** DATA FOR THIS EXERCISE follows **

lemma not_tends0_bdry_imp_seq:
  assumes "\<not> tends0_bdry h"
  obtains e zs where "e > 0" and "\<And>n. zs n \<in> ball 0 1" and "\<And>n. e \<le> \<bar>h (zs n)\<bar>"
    and "filterlim zs at_bdry sequentially"
proof -
  obtain e where "e > 0" and e: "\<forall>r<1. \<exists>z. r < cmod z \<and> cmod z < 1 \<and> e \<le> \<bar>h z\<bar>"
    using assms by (simp add: tends0_bdry_def not_less) (metis not_le)
  have "\<forall>n. \<exists>z. 1 - inverse (Suc n) < cmod z \<and> cmod z < 1 \<and> e \<le> \<bar>h z\<bar>"
  proof
    fix n
    show "\<exists>z. 1 - inverse (Suc n) < cmod z \<and> cmod z < 1 \<and> e \<le> \<bar>h z\<bar>"
      using e[rule_format, of "1 - inverse (Suc n)"] by simp
  qed
  then obtain zs where zs: "\<And>n. 1 - inverse (Suc n) < cmod (zs n) \<and> cmod (zs n) < 1 \<and> e \<le> \<bar>h (zs n)\<bar>"
    by metis
  have "filterlim zs at_bdry sequentially"
    unfolding filterlim_iff eventually_at_bdry
  proof (intro allI impI, elim exE conjE)
    fix P and r :: real assume "r < 1" and P: "\<forall>z. r < cmod z \<and> cmod z < 1 \<longrightarrow> P z"
    obtain N where N: "inverse (Suc N) < 1 - r"
      using reals_Archimedean \<open>r < 1\<close> by (metis diff_gt_0_iff_gt)
    have "r < cmod (zs n)" if "N \<le> n" for n
    proof -
      have "inverse (real (Suc n)) \<le> inverse (Suc N)"
        using that by (intro le_imp_inverse_le) auto
      then show ?thesis using N zs[of n] by linarith
    qed
    then show "\<forall>\<^sub>F n in sequentially. P (zs n)"
      using P zs unfolding eventually_sequentially by blast
  qed
  with \<open>e > 0\<close> zs show ?thesis
    using that by auto
qed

** End of DATA FOR THIS EXERCISE **

-- TASK DETAILS --
What is the number of lines in the records that hold "show"? Give the number by itself.

-- SOLUTION --
4